The world knew Adrienne Rich, who died last week at 82, as a poet - influential, political, feminist, lesbian, anti-war, Jewish.

But her profound impact on my life came in the form of prose: a 1976 book called "Of Woman Born: Motherhood as Experience and Institution." Rich, who was a wife until her 40s and the mother of three boys, trained her rebel's eye on the mixed feelings that come with caring for babies and young children.

To be sure, Rich had her predecessors on this ground: Betty Friedan, even the humorist Erma Bombeck. And Rich inspired thousands who came after, from Susan Maushart, who wrote "The Mask of Motherhood," to the many parent-lit moms and dads writing and blogging today.

It's not that parenthood is awful, of course. It's that mothers were to an excessive degree expected to be "beneficent, sacred, pure, asexual and nourishing," as Rich described it, or they would risk disapproval. Rich was instrumental in shattering these public myths that made women feel privately inadequate and unnatural if they discovered any forbidden feelings in the nursery.

More important, this long march away from the perfect angel mother toward a more nuanced - if darker - portrait of parenting paved the way for recognition of postpartum depression so that women and their families could get help. Even the impossibly perfect Brooke Shields published an account, in 2005, of her postpartum depression, "Down Came the Rain."

Rich wrote looking back.
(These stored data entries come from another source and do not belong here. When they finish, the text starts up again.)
(* Let $\Bbbk$ be an algebraically closed field of characteristic $p>2$, and let $\Psi_\Bbbk:Y_2^>(\Bbbk)\to W^{(2)}(\Bbbk)$ be the $\Bbbk$-algebra homomorphism with $e_r\mapsto x_1^r$. For every $k\in\mathbb{N}$, $$\mathrm{im}(\Psi_\Bbbk)\cap W^{(2)}_k(\Bbbk)\subset J_k:=\{f\in\Bbbk[x_1,\dots,x_k]^{\Sigma_k}:\ f=0 \text{ whenever } x_1=x_2+1=\dots=x_p+p-1\}$$ (for $k<p$ the condition is vacuous and $J_k=\Bbbk[x_1,\dots,x_k]^{\Sigma_k}$).
   Context: $\mathbb{N}=\{0,1,\dots\}$; $\frac12$ denotes the inverse of $2$ in $\Bbbk$. $Y_2^>(\Bbbk)$ is the $\Bbbk$-algebra generated by $e_r$ ($r\in\mathbb{N}$) with relations $[e_{r+1},e_s]-[e_r,e_{s+1}]=e_re_s+e_se_r$. $W^{(2)}(\Bbbk)=\bigoplus_{k\in\mathbb{N}}W^{(2)}_k(\Bbbk)$ with $W^{(2)}_k(\Bbbk)=\Bbbk[x_1,\dots,x_k]^{\Sigma_k}$, and product: for $F\in W_k$, $G\in W_\ell$, $F\star G=\sum_{\sigma}\sigma\big(F(x_1,\dots,x_k)G(x_{k+1},\dots,x_{k+\ell})\prod_{r\le k<r'}\frac{x_r-x_{r'}+1}{x_r-x_{r'}}\big)$, summing over $\sigma\in\Sigma_{k+\ell}$ with $\sigma(1)<\dots<\sigma(k)$ and $\sigma(k+1)<\dots<\sigma(k+\ell)$, acting by $x_r\mapsto x_{\sigma(r)}$ (the result is a symmetric polynomial). *)

theory Defs
  imports "HOL-Computational_Algebra.Polynomial" "HOL-Library.Poly_Mapping"
    "HOL-Combinatorics.Permutations"
begin

text \<open>Multivariate polynomials over a field: finitely supported maps from
  monomials (exponent vectors, variable i stands for x_(i+1)) to coefficients.\<close>
type_synonym 'a mpoly = "(nat \<Rightarrow>\<^sub>0 nat) \<Rightarrow>\<^sub>0 'a"

definition mp_eval :: "'a::comm_ring_1 mpoly \<Rightarrow> (nat \<Rightarrow> 'a) \<Rightarrow> 'a" where
  "mp_eval f a = (\<Sum>m\<in>Poly_Mapping.keys f. Poly_Mapping.lookup f m * (\<Prod>i\<in>Poly_Mapping.keys m. a i ^ Poly_Mapping.lookup m i))"

definition mp_const :: "'a::zero \<Rightarrow> 'a mpoly" where
  "mp_const c = Poly_Mapping.single 0 c"

definition mp_x0pow :: "nat \<Rightarrow> 'a::{zero,one} mpoly" where
  "mp_x0pow r = Poly_Mapping.single (Poly_Mapping.single 0 r) 1"

text \<open>W_k: symmetric polynomials in the variables x_1..x_k (indices 0..k-1).
  The permutation \<sigma> sends x_i to x_(\<sigma> i), so the monomial m goes to m'
  with m'(\<sigma> i) = m i.\<close>
definition Wk :: "nat \<Rightarrow> 'a::comm_ring_1 mpoly set" where
  "Wk k = {f. (\<forall>m\<in>Poly_Mapping.keys f. Poly_Mapping.keys m \<subseteq> {..<k}) \<and>
     (\<forall>\<sigma>. \<sigma> permutes {..<k} \<longrightarrow>
        (\<forall>m m'. (\<forall>i. Poly_Mapping.lookup m' (\<sigma> i) = Poly_Mapping.lookup m i) \<longrightarrow> Poly_Mapping.lookup f m' = Poly_Mapping.lookup f m))}"

definition shuffles :: "nat \<Rightarrow> nat \<Rightarrow> (nat \<Rightarrow> nat) set" where
  "shuffles k l = {\<sigma>. \<sigma> permutes {..<k+l} \<and> strict_mono_on {..<k} \<sigma>
                        \<and> strict_mono_on {k..<k+l} \<sigma>}"

text \<open>The shuffle product F \<star> G of F \<in> W_k, G \<in> W_l: the (unique) element of
  W_(k+l) which agrees with the defining rational expression at every point
  where the denominators x_r - x_r' do not vanish (all coordinates distinct).\<close>
definition star :: "nat \<Rightarrow> nat \<Rightarrow> 'a::field mpoly \<Rightarrow> 'a mpoly \<Rightarrow> 'a mpoly" where
  "star k l F G = (THE H. H \<in> Wk (k+l) \<and>
     (\<forall>a. inj_on a {..<k+l} \<longrightarrow>
        mp_eval H a = (\<Sum>\<sigma>\<in>shuffles k l.
           mp_eval F (\<lambda>i. a (\<sigma> i)) * mp_eval G (\<lambda>i. a (\<sigma> (i + k))) *
           (\<Prod>r<k. \<Prod>r'\<in>{k..<k+l}.
              (a (\<sigma> r) - a (\<sigma> r') + 1) / (a (\<sigma> r) - a (\<sigma> r'))))))"

text \<open>Elements of W = \<Oplus>_k W_k, as graded families with finite support.\<close>
definition Wtot :: "(nat \<Rightarrow> 'a::comm_ring_1 mpoly) set" where
  "Wtot = {w. (\<forall>k. w k \<in> Wk k) \<and> finite {k. w k \<noteq> 0}}"

definition Wmult :: "(nat \<Rightarrow> 'a::field mpoly) \<Rightarrow> (nat \<Rightarrow> 'a mpoly) \<Rightarrow> nat \<Rightarrow> 'a mpoly" where
  "Wmult w v n = (\<Sum>k\<le>n. star k (n - k) (w k) (v (n - k)))"

definition Wone :: "nat \<Rightarrow> 'a::field mpoly" where
  "Wone n = (if n = 0 then mp_const 1 else 0)"

definition Wscale :: "'a::field \<Rightarrow> (nat \<Rightarrow> 'a mpoly) \<Rightarrow> nat \<Rightarrow> 'a mpoly" where
  "Wscale c w n = Poly_Mapping.map ((*) c) (w n)"

text \<open>\<Psi>(e_r) = x_1^r \<in> W_1.\<close>
definition Psi_gen :: "nat \<Rightarrow> nat \<Rightarrow> 'a::field mpoly" where
  "Psi_gen r n = (if n = 1 then mp_x0pow r else 0)"

text \<open>The image of the algebra homomorphism \<Psi> is the subalgebra of W generated
  by the images \<Psi>(e_r) of the generators e_r.\<close>
inductive_set imPsi :: "(nat \<Rightarrow> 'a::field mpoly) set" where
  gen: "Psi_gen r \<in> imPsi"
| one: "Wone \<in> imPsi"
| add: "w \<in> imPsi \<Longrightarrow> v \<in> imPsi \<Longrightarrow> (\<lambda>n. w n + v n) \<in> imPsi"
| scale: "w \<in> imPsi \<Longrightarrow> Wscale c w \<in> imPsi"
| mult: "w \<in> imPsi \<Longrightarrow> v \<in> imPsi \<Longrightarrow> Wmult w v \<in> imPsi"

definition Jk :: "nat \<Rightarrow> nat \<Rightarrow> 'a::field mpoly set" where
  "Jk p k = {f \<in> Wk k. p \<le> k \<longrightarrow>
      (\<forall>a. (\<forall>i<p. a i + of_nat i = a 0) \<longrightarrow> mp_eval f a = 0)}"

end

theory Submission
  imports Defs
begin

text \<open>The image of \<open>\<Psi>\<close> is generated by the elements \<open>x\<^sub>1\<^sup>r \<in> W\<^sub>1\<close> under sums, scalar
  multiples and the shuffle product, so it suffices to find a subspace of \<open>W\<close> containing
  \<open>W\<^sub>k\<close> for \<open>k < p\<close> and closed under \<open>\<star>\<close>. We take the symmetric polynomials vanishing
  whenever some \<open>p\<close> of the variables form a chain \<open>x\<^sub>i\<^sub>0 = x\<^sub>i\<^sub>1 + 1 = \<dots> = x\<^sub>i\<^sub>p\<^sub>-\<^sub>1 + p - 1\<close>.
  In characteristic \<open>p\<close> such a chain is cyclic (also \<open>x\<^sub>i\<^sub>p\<^sub>-\<^sub>1 = x\<^sub>i\<^sub>0 + 1\<close>) and its values
  are distinct. At a point with distinct coordinates each shuffle in \<open>F \<star> G\<close> either puts the
  whole chain into the variables of \<open>F\<close> or of \<open>G\<close>, where that factor vanishes, or separates
  two cyclically consecutive chain variables \<open>x\<^sub>r\<close>, \<open>x\<^sub>r\<^sub>'\<close>, where \<open>x\<^sub>r - x\<^sub>r\<^sub>' + 1\<close> vanishes;
  the remaining coordinates can be perturbed to make the point injective.

  Since \<open>\<star>\<close> is only specified at points with distinct coordinates, most of the work goes into
  showing that the shuffle formula is a symmetric polynomial: multiplied by the Vandermonde
  product it becomes an alternating polynomial, which in characteristic \<open>\<noteq> 2\<close> is divisible
  by the Vandermonde product.\<close>

definition monom_eval :: "(nat \<Rightarrow>\<^sub>0 nat) \<Rightarrow> (nat \<Rightarrow> 'a::comm_ring_1) \<Rightarrow> 'a" where
  "monom_eval m a = (\<Prod>i\<in>Poly_Mapping.keys m. a i ^ Poly_Mapping.lookup m i)"

definition vars_below :: "nat \<Rightarrow> 'a::zero mpoly \<Rightarrow> bool" where
  "vars_below n f \<longleftrightarrow> (\<forall>m\<in>Poly_Mapping.keys f. Poly_Mapping.keys m \<subseteq> {..<n})"

lemma monom_eval_superset:
  assumes "finite S" "Poly_Mapping.keys m \<subseteq> S"
  shows "monom_eval m a = (\<Prod>i\<in>S. a i ^ Poly_Mapping.lookup m i)"
  unfolding monom_eval_def
  by (rule prod.mono_neutral_left[OF assms]) (auto simp: in_keys_iff)

lemma monom_eval_add: "monom_eval (m + m') a = monom_eval m a * monom_eval m' a"
proof -
  let ?S = "Poly_Mapping.keys m \<union> Poly_Mapping.keys m'"
  have "monom_eval (m + m') a = (\<Prod>i\<in>?S. a i ^ Poly_Mapping.lookup (m + m') i)"
    by (rule monom_eval_superset) (auto simp: keys_add)
  also have "\<dots> = (\<Prod>i\<in>?S. a i ^ Poly_Mapping.lookup m i * a i ^ Poly_Mapping.lookup m' i)"
    by (simp add: lookup_add power_add)
  also have "\<dots> = monom_eval m a * monom_eval m' a"
    by (simp add: prod.distrib monom_eval_superset[of ?S])
  finally show ?thesis .
qed

lemma mp_eval_monom_eval:
  "mp_eval f a = (\<Sum>m\<in>Poly_Mapping.keys f. Poly_Mapping.lookup f m * monom_eval m a)"
  by (simp add: mp_eval_def monom_eval_def)

lemma mp_eval_superset:
  assumes "finite S" "Poly_Mapping.keys f \<subseteq> S"
  shows "mp_eval f a = (\<Sum>m\<in>S. Poly_Mapping.lookup f m * monom_eval m a)"
  unfolding mp_eval_monom_eval
  by (rule sum.mono_neutral_left[OF assms]) (auto simp: in_keys_iff)
lemma pushforward_ideal_gen_eq_0:
  fixes x :: "'a::comm_monoid_add \<Rightarrow>\<^sub>0 'r::comm_ring_1"
  assumes "x \<in> ideal_gen P B"
    and "\<And>b. b \<in> B \<Longrightarrow> \<exists>\<alpha> \<gamma>. b = Poly_Mapping.single \<alpha> 1 - Poly_Mapping.single \<gamma> 1 \<and>
                                (\<forall>\<beta>. e (\<beta> + \<alpha>) = e (\<beta> + \<gamma>))"
  shows "pushforward e x = 0"
  using assms(1)
proof (induction rule: ideal_gen.induct)
  case (step g b h)
  then obtain \<alpha> \<gamma> where "b = Poly_Mapping.single \<alpha> 1 - Poly_Mapping.single \<gamma> 1"
    and "\<forall>\<beta>. e (\<beta> + \<alpha>) = e (\<beta> + \<gamma>)"
    using assms(2) by blast
  then show ?case
    using step.IH by (simp add: right_diff_distrib pushforward_add pushforward_diff pushforward_mult_single)
qed simp

lemma ideal_gen_add: "x \<in> ideal_gen P B \<Longrightarrow> y \<in> ideal_gen P B \<Longrightarrow> x + y \<in> ideal_gen P B"
  by (induction rule: ideal_gen.induct) (auto simp: add.assoc intro: ideal_gen.step)

lemma ideal_gen_base: "1 \<in> P \<Longrightarrow> b \<in> B \<Longrightarrow> b \<in> ideal_gen P B"
  using ideal_gen.step[OF _ _ ideal_gen.zero, of 1 P b B] by simp

lemma ideal_gen_subset:
  assumes "0 \<in> P" "B \<subseteq> P" "\<And>x y. x \<in> P \<Longrightarrow> y \<in> P \<Longrightarrow> x + y \<in> P" "\<And>x y. x \<in> P \<Longrightarrow> y \<in> P \<Longrightarrow> x * y \<in> P"
  shows "ideal_gen P B \<subseteq> P"
proof
  show "x \<in> P" if "x \<in> ideal_gen P B" for x
    using that by (induction rule: ideal_gen.induct) (use assms in blast)+
qed

subsection \<open>The kernel of \<open>\<pi>\<^sub>R\<close> and the catenary degree\<close>

lemma poly_ring_add: "f \<in> poly_ring S \<Longrightarrow> g \<in> poly_ring S \<Longrightarrow> f + g \<in> poly_ring S"
  unfolding poly_ring_def using keys_add[of f g] by blast

lemma poly_ring_mult:
  assumes "f \<in> poly_ring S" and "g \<in> poly_ring S"
  shows "f * g \<in> poly_ring S"
proof -
  have "Poly_Mapping.keys (f * g) \<subseteq> {a + b |a b. a \<in> Poly_Mapping.keys f \<and> b \<in> Poly_Mapping.keys g}"
    by (rule keys_mult)
  also have "\<dots> \<subseteq> factorizations S"
    using assms by (auto simp: poly_ring_def factorizations_add_iff)
  finally show ?thesis
    by (simp add: poly_ring_def)
qed

lemma poly_ring_diff: "f \<in> poly_ring S \<Longrightarrow> g \<in> poly_ring S \<Longrightarrow> f - g \<in> poly_ring S"
  unfolding poly_ring_def using keys_diff[of f g] by blast

lemma poly_ring_single: "\<alpha> \<in> factorizations S \<Longrightarrow> Poly_Mapping.single \<alpha> c \<in> poly_ring S"
  by (simp add: poly_ring_def)

lemma zero_in_poly_ring: "0 \<in> poly_ring S"
  by (simp add: poly_ring_def)

lemma one_in_poly_ring: "1 \<in> poly_ring S"
  by (simp add: poly_ring_def factorizations_def)

lemma single_one_eq_iff:
  "Poly_Mapping.single a (1::'r::zero_neq_one) = Poly_Mapping.single b 1 \<longleftrightarrow> a = b"
  by (metis lookup_single_eq lookup_single_not_eq zero_neq_one)

definition kernel_binomials_le :: "('n \<Rightarrow> int) set \<Rightarrow> nat \<Rightarrow> ((('n \<Rightarrow> int) \<Rightarrow>\<^sub>0 nat) \<Rightarrow>\<^sub>0 'r::comm_ring_1) set" where
  "kernel_binomials_le S d = {Poly_Mapping.single \<alpha> 1 - Poly_Mapping.single \<gamma> 1 | \<alpha> \<gamma>.
      \<alpha> \<in> factorizations S \<and> \<gamma> \<in> factorizations S \<and> flen \<alpha> \<le> d \<and> flen \<gamma> \<le> d \<and>
      fact_eval \<alpha> = fact_eval \<gamma>}"

lemma ideal_gen_kernel_binomials_subset_kernel:
  fixes S :: "('n \<Rightarrow> int) set"
  shows "ideal_gen (poly_ring S) (kernel_binomials_le S d) \<subseteq> pi_kernel S"
proof
  fix x :: "(('n \<Rightarrow> int) \<Rightarrow>\<^sub>0 nat) \<Rightarrow>\<^sub>0 'r::comm_ring_1"
  assume x: "x \<in> ideal_gen (poly_ring S) (kernel_binomials_le S d)"
  have "kernel_binomials_le S d \<subseteq> (poly_ring S :: ((('n \<Rightarrow> int) \<Rightarrow>\<^sub>0 nat) \<Rightarrow>\<^sub>0 'r) set)"
    by (auto simp: kernel_binomials_le_def intro: poly_ring_diff poly_ring_single)
  then have "ideal_gen (poly_ring S) (kernel_binomials_le S d) \<subseteq> (poly_ring S :: ((('n \<Rightarrow> int) \<Rightarrow>\<^sub>0 nat) \<Rightarrow>\<^sub>0 'r) set)"
    by (rule ideal_gen_subset[OF zero_in_poly_ring _ poly_ring_add poly_ring_mult])
  then have "x \<in> poly_ring S"
    using x by blast
  moreover have "pi_R x = 0"
    unfolding pi_R_eq_pushforward
    by (rule pushforward_ideal_gen_eq_0[OF x]) (fastforce simp: kernel_binomials_le_def fact_eval_add)
  ultimately show "x \<in> pi_kernel S"
    by (simp add: pi_kernel_def)
qed

lemma fact_chain_binomial_in_ideal_gen:
  assumes "(fact_step S d)\<^sup>*\<^sup>* \<alpha> \<gamma>"
  shows "Poly_Mapping.single \<alpha> c - Poly_Mapping.single \<gamma> c \<in> ideal_gen (poly_ring S) (kernel_binomials_le S d)"
  using assms
proof (induction rule: converse_rtranclp_induct)
  case base
  then show ?case by (simp add: ideal_gen.zero)
next
  case (step \<alpha> \<beta>)
  obtain g \<alpha>' \<beta>' where \<alpha>: "\<alpha> = g + \<alpha>'" and \<beta>: "\<beta> = g + \<beta>'" and g: "g \<in> factorizations S"
    and "\<alpha>' \<in> factorizations S" "\<beta>' \<in> factorizations S" "flen \<alpha>' \<le> d" "flen \<beta>' \<le> d"
    and "fact_eval \<alpha>' = fact_eval \<beta>'"
    using step.hyps(1) by (rule fact_step_common_factor)
  then have binomial: "Poly_Mapping.single \<alpha>' 1 - Poly_Mapping.single \<beta>' 1 \<in> kernel_binomials_le S d"
    by (auto simp: kernel_binomials_le_def)
  have eq: "Poly_Mapping.single \<alpha> c - Poly_Mapping.single \<gamma> c =
      Poly_Mapping.single g c * (Poly_Mapping.single \<alpha>' 1 - Poly_Mapping.single \<beta>' 1) +
      (Poly_Mapping.single \<beta> c - Poly_Mapping.single \<gamma> c)"
    by (simp add: \<alpha> \<beta> right_diff_distrib mult_single)
  show ?case
    unfolding eq by (rule ideal_gen.step[OF poly_ring_single[OF g] binomial step.IH])
qed

lemma kernel_remove_term:
  fixes S :: "('n \<Rightarrow> int) set" and f :: "(('n \<Rightarrow> int) \<Rightarrow>\<^sub>0 nat) \<Rightarrow>\<^sub>0 'r::comm_ring_1"
  assumes "catenary_ok S d" and "f \<in> pi_kernel S" and "\<alpha> \<in> Poly_Mapping.keys f"
  obtains t where "t \<in> ideal_gen (poly_ring S) (kernel_binomials_le S d)" "f - t \<in> pi_kernel S"
    "Poly_Mapping.keys (f - t) \<subseteq> Poly_Mapping.keys f - {\<alpha>}"
proof -
  have f: "Poly_Mapping.keys f \<subseteq> factorizations S" "pushforward fact_eval f = 0"
    using assms(2) by (simp_all add: pi_kernel_def poly_ring_def pi_R_eq_pushforward)
  obtain \<beta> where \<beta>: "\<beta> \<in> Poly_Mapping.keys f" "\<beta> \<noteq> \<alpha>" "fact_eval \<beta> = fact_eval \<alpha>"
    using pushforward_eq_0_imp_collision[OF f(2) assms(3)] .
  define c where "c = Poly_Mapping.lookup f \<alpha>"
  define t where "t = Poly_Mapping.single \<alpha> c - Poly_Mapping.single \<beta> c"
  have "\<alpha> \<in> factorizations S" "\<beta> \<in> factorizations S"
    using assms(3) \<beta>(1) f(1) by blast+
  then have "(fact_step S d)\<^sup>*\<^sup>* \<alpha> \<beta>"
    using assms(1) \<beta>(3) by (simp add: catenary_ok_iff_fact_chain)
  then have "t \<in> ideal_gen (poly_ring S) (kernel_binomials_le S d)"
    unfolding t_def by (rule fact_chain_binomial_in_ideal_gen)
  moreover have keys: "Poly_Mapping.keys (f - t) \<subseteq> Poly_Mapping.keys f - {\<alpha>}"
    using assms(3) \<beta>
    by (auto simp: t_def c_def in_keys_iff lookup_minus lookup_single when_def split: if_splits)
  moreover have "pushforward fact_eval (f - t) = 0"
    using f(2) \<beta>(3) by (simp add: pushforward_diff t_def)
  then have "f - t \<in> pi_kernel S"
    using keys f(1) by (auto simp: pi_kernel_def poly_ring_def pi_R_eq_pushforward)
  ultimately show thesis
    using that by blast
qed
lemma lborel_orthogonal_invariant:
  fixes T :: "'a::euclidean_space \<Rightarrow> 'a"
  assumes T: "orthogonal_transformation T"
  shows "distr lborel borel T = lborel"
proof -
  let ?J = "basis_coords :: real^('a basis_index) \<Rightarrow> 'a"
  define coords :: "'a \<Rightarrow> real^('a basis_index)" where "coords x = (\<chi> i. x \<bullet> Rep_basis_index i)"
      for x
  have J_coords: "?J (coords x) = x" for x
    by (simp add: coords_def basis_coords_inverse)
  have norm_J: "norm (?J v) = norm v" for v
    by (simp add: norm_eq_sqrt_inner inner_basis_coords)
  have lin_coords: "linear coords"
    by (rule linearI) (simp_all add: coords_def vec_eq_iff inner_add_left)
  have lin_T: "linear T"
    using T by (rule orthogonal_transformation_linear)
  define T' where "T' = coords \<circ> T \<circ> ?J"
  have lin_T': "linear T'"
    unfolding T'_def by (intro linear_compose[OF linear_basis_coords] linear_compose[OF lin_T]
        lin_coords)
  have "orthogonal_transformation T'"
    unfolding orthogonal_transformation
  proof (intro conjI allI lin_T')
    fix v
    have "norm (T' v) = norm (?J (T' v))" by (simp add: norm_J)
    also have "\<dots> = norm v"
      by (simp add: T'_def J_coords orthogonal_transformation_norm[OF T] norm_J)
    finally show "norm (T' v) = norm v" .
  qed
  then have T'_inv: "distr lborel borel T' = lborel"
    by (rule lborel_orthogonal_invariant_cart)
  have J_lborel: "distr lborel borel ?J = lborel"
    by (rule distr_lborel_isometry_Basis[OF linear_basis_coords inner_basis_coords
        basis_coords_Basis])
  have meas_J: "?J \<in> borel_measurable borel" and meas_T: "T \<in> borel_measurable borel"
    and meas_T': "T' \<in> borel_measurable borel"
    using linear_basis_coords lin_T lin_T' by (blast intro: borel_measurable_linear)+
  have "distr lborel borel T = distr (distr lborel borel ?J) borel T"
    by (simp add: J_lborel)
  also have "\<dots> = distr lborel borel (T \<circ> ?J)"
    using meas_J meas_T by (simp add: distr_distr)
  also have "T \<circ> ?J = ?J \<circ> T'"
    by (simp add: T'_def fun_eq_iff J_coords)
  also have "distr lborel borel (?J \<circ> T') = distr (distr lborel borel T') borel ?J"
    using meas_J meas_T' by (simp add: distr_distr)
  also have "\<dots> = lborel"
    by (simp add: T'_inv J_lborel)
  finally show ?thesis .
qed
text \<open>On evaluation characters the map whose limit defines the action is
ch \<mapsto> (f \<mapsto> ch (\<lambda>x. f (g + x))), which is continuous; so the limit at y is its value at y.\<close>
lemma bdry_action_eq: "bdry_action S g y = (\<lambda>f. if f \<in> cstar_alg S then y (\<lambda>x. f (g + x)) else 0)"
proof -
  define L where "L = (\<lambda>f. if f \<in> cstar_alg S then y (\<lambda>x. f (g + x)) else 0)"
  define F where "F = (\<lambda>ch. eval_char S (g + inv (eval_char S) ch))"
  let ?W = "at y within range (eval_char S)"
  have "?W \<noteq> bot" using boundary_islimpt_eval_char trivial_limit_within by blast
  have "((\<lambda>ch. F ch f) \<longlongrightarrow> L f) ?W" for f
  proof (cases "f \<in> cstar_alg S")
    case True
    have "F ch f = ch (\<lambda>x. f (g + x))" if ch: "ch \<in> range (eval_char S)" for ch
    proof -
      obtain x where x: "ch = eval_char S x" using ch by blast
      then have "inv (eval_char S) ch = x" by (simp add: inv_f_f[OF inj_eval_char])
      then show ?thesis
        unfolding F_def x eval_char_def using True cstar_alg_left_transl[OF True] by simp
    qed
    then have "\<forall>\<^sub>F ch in ?W. ch (\<lambda>x. f (g + x)) = F ch f"
      by (auto simp: eventually_at_filter)
    from tendsto_coordinate this have "((\<lambda>ch. F ch f) \<longlongrightarrow> y (\<lambda>x. f (g + x))) ?W"
      by (rule Lim_transform_eventually)
    then show ?thesis unfolding L_def using True by simp
  qed (simp add: F_def L_def eval_char_def)
  then have lim: "(F \<longlongrightarrow> L) ?W" by (simp add: tendsto_coordinatewise_iff)
  have "L' = L" if "(F \<longlongrightarrow> L') ?W" for L'
  proof
    fix f
    show "L' f = L f"
      using that lim tendsto_unique[OF \<open>?W \<noteq> bot\<close>] unfolding tendsto_coordinatewise_iff by blast
  qed
  then have "bdry_action S g y = L"
    unfolding bdry_action_def F_def[symmetric] using lim by (intro the_equality)
  then show ?thesis unfolding L_def .
qed
(* Let $(X,d,\mu)$ be a metric measure space satisfying a Poincaré inequality of type $(1,p)$ for some $1\le p<\infty$. If $x\in X$ satisfies $\liminf_{r\to0}\mu(B_r(x))/r^p=0$, then $x$ is not a local cut point.
   Context: Here $(X,d)$ is a complete, locally compact length space with a Borel measure $\mu$ such that $0<\mu(B_r(x))<\infty$ for all $x\in X$, $0<r<\infty$ ($B_r(x)$ the open ball). Paths are assumed parametrized proportionally to arclength. For a function $u$ on $X$, a Borel function $g:X\to[0,\infty]$ is an upper gradient of $u$ if $|u(\gamma(l))-u(\gamma(0))|\le\int_0^l g(\gamma(t))\,dt$ for every path $\gamma:[0,l]\to X$. For $B\subset X$ write $u_B=\mu(B)^{-1}\int_B u\,d\mu$ and $\fint_B f\,d\mu=\mu(B)^{-1}\int_B f\,d\mu$. $(X,d,\mu)$ satisfies a Poincaré inequality of type $(1,p)$ if for every $R>0$ there is $C_P=C_P(p,R)>0$ such that $\fint_{B_r(x)}|u-u_{B_r(x)}|\,d\mu\le C_P\,r\big(\fint_{B_r(x)}g^p\,d\mu\big)^{1/p}$ for all $x\in X$, $0<r\le R$, all measurable functions $u$ and all upper gradients $g$ of $u$. A point $x\in X$ is a local cut point if $U\setminus\{x\}$ is disconnected for some connected neighborhood $U$ of $x$. *)

theory Defs
  imports "HOL-Analysis.Analysis" "HOL-Probability.Probability"
begin

definition curve_length :: "(real \<Rightarrow> 'a::metric_space) \<Rightarrow> real \<Rightarrow> real \<Rightarrow> ennreal" where
  "curve_length \<gamma> a b =
     (SUP ts \<in> {ts. sorted ts \<and> set ts \<subseteq> {a..b}}.
        ennreal (sum_list (map2 (\<lambda>s t. dist (\<gamma> s) (\<gamma> t)) ts (tl ts))))"

definition length_space :: "'a::metric_space itself \<Rightarrow> bool" where
  "length_space _ \<longleftrightarrow> (\<forall>x y::'a. ennreal (dist x y) =
      (INF \<gamma> \<in> {\<gamma>. path \<gamma> \<and> pathstart \<gamma> = x \<and> pathfinish \<gamma> = y}. curve_length \<gamma> 0 1))"

definition arclength_path :: "(real \<Rightarrow> 'a::metric_space) \<Rightarrow> real \<Rightarrow> bool" where
  "arclength_path \<gamma> l \<longleftrightarrow> 0 \<le> l \<and>
     (\<forall>s t. 0 \<le> s \<and> s \<le> t \<and> t \<le> l \<longrightarrow> curve_length \<gamma> s t = ennreal (t - s))"

definition upper_gradient :: "('a::metric_space \<Rightarrow> real) \<Rightarrow> ('a \<Rightarrow> ennreal) \<Rightarrow> bool" where
  "upper_gradient u g \<longleftrightarrow> g \<in> borel_measurable borel \<and>
     (\<forall>\<gamma> l. arclength_path \<gamma> l \<longrightarrow>
        ennreal \<bar>u (\<gamma> l) - u (\<gamma> 0)\<bar> \<le> (\<integral>\<^sup>+ t\<in>{0..l}. g (\<gamma> t) \<partial>lborel))"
She was 46 when "Of Woman Born" was published, and her eldest son was 21. "I only knew that I had lived through something which was considered central to the lives of women, fulfilling even in its sorrows, a key to the meaning of life; and that I could remember little except anxiety, physical weariness, anger, self-blame, boredom, and division within myself: a division made more acute by the moments of passionate love, delight in my children's spirited bodies and minds, amazement at how they went on loving me in spite of my failures to love them wholly and selflessly."

She included journal entries from her days with babies; at one time her three sons were all younger than 7. The entries are startlingly candid: "Degradation of anger. Anger at a child. How shall I learn to absorb the violence and make explicit only the caring?"

"Of Woman Born" is sometimes overlooked amid Rich's 30 books of poetry and prose published over six decades. Its radical take on women's domination in a patriarchy is and was controversial. But the beautifully rendered descriptions of the inner life of this one mother, a poet, is what makes the book so reassuring to parents who can relate to the loss of independent identity and the isolation that comes with caring for a child.

What parent taking a phone call wouldn't recognize this passage? "As soon as [my son] felt me gliding into a world which did not include him, he would come to pull at my hand, ask for help. ... And I would feel [it] ... as an attempt moreover to defraud me of living even for fifteen minutes as myself."

Rich was born in Baltimore, and her father, a pathologist, encouraged her to read poetry from childhood. Her mother was a concert pianist. After graduating from Radcliffe College in 1951, Rich published her first book and soon after, married Alfred Conrad, a Harvard University professor.

They moved to New York in 1966. Four years later, Rich left her marriage, and within several months, Conrad took his own life. It's tempting to see the negative aspect of her writing as a product of this unhappy biography.

But most parents will recognize Rich's ambivalence as truth-telling.